(Stored data)
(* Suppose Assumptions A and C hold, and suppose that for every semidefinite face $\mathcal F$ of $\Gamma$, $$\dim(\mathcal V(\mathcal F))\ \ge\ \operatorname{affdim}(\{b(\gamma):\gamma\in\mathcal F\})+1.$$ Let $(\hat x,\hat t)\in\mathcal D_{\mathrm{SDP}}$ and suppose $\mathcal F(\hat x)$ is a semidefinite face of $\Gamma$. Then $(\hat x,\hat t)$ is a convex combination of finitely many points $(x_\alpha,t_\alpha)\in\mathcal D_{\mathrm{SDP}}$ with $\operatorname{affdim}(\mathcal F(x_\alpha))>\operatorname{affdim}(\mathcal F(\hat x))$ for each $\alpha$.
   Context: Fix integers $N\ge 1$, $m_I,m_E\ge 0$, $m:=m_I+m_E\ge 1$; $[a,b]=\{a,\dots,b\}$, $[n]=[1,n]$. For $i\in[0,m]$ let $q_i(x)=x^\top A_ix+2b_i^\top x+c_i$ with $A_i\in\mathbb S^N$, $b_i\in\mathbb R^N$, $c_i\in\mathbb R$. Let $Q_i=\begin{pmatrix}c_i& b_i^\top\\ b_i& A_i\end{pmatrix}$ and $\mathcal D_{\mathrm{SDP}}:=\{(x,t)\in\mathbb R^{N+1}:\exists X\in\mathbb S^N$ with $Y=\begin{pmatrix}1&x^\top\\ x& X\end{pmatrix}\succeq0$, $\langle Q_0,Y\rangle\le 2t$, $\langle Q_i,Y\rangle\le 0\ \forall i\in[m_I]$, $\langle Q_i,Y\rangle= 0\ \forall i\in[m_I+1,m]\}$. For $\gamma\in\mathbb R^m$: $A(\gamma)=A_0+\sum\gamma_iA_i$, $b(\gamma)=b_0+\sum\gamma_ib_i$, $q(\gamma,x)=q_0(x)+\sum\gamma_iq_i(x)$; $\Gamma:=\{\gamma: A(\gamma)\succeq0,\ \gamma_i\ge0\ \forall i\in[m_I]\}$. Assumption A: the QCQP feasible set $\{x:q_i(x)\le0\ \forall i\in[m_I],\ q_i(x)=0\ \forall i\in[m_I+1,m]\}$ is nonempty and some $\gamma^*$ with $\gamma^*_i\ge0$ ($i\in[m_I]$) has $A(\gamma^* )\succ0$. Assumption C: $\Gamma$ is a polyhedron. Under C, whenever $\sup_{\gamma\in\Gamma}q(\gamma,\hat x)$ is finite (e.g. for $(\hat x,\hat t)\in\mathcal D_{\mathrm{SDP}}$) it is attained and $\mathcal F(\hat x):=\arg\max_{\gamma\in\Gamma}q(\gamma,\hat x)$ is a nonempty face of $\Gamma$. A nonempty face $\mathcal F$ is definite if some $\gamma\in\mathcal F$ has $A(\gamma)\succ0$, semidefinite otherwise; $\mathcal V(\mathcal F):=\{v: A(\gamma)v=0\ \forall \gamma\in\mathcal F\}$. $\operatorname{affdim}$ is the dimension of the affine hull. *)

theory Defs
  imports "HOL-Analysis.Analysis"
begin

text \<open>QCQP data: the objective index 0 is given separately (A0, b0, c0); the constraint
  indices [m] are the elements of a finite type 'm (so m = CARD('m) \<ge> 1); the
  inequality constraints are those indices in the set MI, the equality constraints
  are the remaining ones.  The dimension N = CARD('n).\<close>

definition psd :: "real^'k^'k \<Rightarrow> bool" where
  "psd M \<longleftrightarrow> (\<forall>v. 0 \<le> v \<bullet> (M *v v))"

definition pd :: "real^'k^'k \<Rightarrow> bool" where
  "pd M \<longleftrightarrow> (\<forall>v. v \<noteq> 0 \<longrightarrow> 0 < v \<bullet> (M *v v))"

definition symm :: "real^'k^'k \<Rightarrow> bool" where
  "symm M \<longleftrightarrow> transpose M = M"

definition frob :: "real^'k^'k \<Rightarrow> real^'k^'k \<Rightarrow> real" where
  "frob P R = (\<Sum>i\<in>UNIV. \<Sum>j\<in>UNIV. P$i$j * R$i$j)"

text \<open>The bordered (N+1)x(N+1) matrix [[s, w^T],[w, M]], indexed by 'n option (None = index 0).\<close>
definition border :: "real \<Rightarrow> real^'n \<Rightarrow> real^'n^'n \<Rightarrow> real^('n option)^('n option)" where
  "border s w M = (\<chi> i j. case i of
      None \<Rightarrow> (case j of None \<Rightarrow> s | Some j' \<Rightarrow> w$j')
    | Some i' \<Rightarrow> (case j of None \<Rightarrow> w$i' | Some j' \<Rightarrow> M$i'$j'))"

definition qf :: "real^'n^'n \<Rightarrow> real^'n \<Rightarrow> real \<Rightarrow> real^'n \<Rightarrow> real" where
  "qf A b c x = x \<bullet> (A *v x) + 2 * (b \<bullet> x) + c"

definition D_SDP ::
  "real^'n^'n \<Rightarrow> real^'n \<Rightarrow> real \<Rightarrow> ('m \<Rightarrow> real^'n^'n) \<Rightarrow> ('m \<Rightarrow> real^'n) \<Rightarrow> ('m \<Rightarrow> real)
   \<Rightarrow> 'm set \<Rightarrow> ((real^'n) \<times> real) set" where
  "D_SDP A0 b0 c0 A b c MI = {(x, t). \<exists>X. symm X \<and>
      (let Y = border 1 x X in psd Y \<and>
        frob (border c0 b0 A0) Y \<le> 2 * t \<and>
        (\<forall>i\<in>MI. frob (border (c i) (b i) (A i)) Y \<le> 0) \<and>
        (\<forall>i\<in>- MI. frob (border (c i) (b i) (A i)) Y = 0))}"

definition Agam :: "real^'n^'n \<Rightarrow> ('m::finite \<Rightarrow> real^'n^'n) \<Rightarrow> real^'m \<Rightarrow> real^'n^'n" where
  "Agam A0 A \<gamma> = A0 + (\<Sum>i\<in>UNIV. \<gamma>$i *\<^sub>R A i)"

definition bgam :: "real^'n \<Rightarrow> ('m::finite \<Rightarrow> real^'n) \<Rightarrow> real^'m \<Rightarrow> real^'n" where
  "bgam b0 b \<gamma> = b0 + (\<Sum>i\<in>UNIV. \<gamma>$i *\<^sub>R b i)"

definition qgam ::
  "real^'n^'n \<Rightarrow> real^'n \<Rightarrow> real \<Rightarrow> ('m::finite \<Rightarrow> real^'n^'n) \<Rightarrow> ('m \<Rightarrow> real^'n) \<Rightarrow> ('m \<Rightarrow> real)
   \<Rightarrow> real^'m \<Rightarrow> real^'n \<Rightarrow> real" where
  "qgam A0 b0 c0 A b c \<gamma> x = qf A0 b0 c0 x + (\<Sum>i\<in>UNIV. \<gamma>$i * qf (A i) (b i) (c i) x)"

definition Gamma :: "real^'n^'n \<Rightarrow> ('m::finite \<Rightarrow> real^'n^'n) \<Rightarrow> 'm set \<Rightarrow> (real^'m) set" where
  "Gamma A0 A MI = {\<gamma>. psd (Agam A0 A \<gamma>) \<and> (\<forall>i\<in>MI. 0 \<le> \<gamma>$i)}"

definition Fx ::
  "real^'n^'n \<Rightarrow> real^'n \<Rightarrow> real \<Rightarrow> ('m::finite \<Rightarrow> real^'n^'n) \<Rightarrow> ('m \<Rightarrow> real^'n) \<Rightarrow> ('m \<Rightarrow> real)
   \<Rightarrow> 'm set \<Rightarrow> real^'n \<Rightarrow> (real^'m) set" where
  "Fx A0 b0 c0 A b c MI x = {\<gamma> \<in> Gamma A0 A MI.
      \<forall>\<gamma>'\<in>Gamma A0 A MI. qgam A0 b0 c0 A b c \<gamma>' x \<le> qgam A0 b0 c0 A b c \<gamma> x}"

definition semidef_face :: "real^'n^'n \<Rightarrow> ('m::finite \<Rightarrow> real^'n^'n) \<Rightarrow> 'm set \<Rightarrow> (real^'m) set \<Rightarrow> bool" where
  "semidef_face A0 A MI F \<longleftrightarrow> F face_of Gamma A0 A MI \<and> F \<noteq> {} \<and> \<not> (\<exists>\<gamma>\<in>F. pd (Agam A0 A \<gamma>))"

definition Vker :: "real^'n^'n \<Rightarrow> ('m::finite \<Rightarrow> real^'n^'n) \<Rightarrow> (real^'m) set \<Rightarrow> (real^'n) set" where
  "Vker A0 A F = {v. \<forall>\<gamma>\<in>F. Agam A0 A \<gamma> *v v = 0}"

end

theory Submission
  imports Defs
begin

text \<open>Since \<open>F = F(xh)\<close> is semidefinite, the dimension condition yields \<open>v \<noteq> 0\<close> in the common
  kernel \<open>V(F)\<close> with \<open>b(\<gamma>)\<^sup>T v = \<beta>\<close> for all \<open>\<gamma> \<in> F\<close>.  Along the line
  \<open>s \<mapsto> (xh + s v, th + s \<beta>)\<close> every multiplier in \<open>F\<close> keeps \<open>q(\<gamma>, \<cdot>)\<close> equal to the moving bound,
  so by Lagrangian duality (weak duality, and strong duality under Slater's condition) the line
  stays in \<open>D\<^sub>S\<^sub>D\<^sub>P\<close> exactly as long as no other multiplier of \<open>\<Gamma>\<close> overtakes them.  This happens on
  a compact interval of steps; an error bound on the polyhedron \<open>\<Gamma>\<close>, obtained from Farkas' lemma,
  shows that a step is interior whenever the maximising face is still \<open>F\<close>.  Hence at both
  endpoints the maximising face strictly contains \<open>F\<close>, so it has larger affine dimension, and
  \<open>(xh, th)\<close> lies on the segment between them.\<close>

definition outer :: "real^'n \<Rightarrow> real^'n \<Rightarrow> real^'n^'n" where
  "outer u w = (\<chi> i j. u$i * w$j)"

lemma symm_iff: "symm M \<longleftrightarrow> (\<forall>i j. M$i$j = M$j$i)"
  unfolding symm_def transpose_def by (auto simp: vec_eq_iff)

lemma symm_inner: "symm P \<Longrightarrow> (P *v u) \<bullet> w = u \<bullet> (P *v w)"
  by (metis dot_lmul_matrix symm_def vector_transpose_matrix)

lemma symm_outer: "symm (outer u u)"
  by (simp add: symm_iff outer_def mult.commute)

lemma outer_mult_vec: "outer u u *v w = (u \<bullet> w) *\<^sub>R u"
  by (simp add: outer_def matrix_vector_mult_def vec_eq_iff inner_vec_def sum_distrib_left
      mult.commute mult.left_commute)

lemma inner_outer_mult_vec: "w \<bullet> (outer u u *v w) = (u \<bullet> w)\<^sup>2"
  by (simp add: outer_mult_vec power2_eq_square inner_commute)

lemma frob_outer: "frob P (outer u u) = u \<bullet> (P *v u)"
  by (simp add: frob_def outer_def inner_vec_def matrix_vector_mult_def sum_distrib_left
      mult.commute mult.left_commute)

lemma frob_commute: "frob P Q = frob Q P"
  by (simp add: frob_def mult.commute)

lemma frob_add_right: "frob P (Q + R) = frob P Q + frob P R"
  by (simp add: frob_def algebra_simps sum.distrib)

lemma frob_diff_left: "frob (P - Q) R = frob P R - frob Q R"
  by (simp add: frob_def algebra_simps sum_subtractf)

Work item = Within this data, count the lines that include the string "noteq" and write the number with nothing else.

Output for this task = 3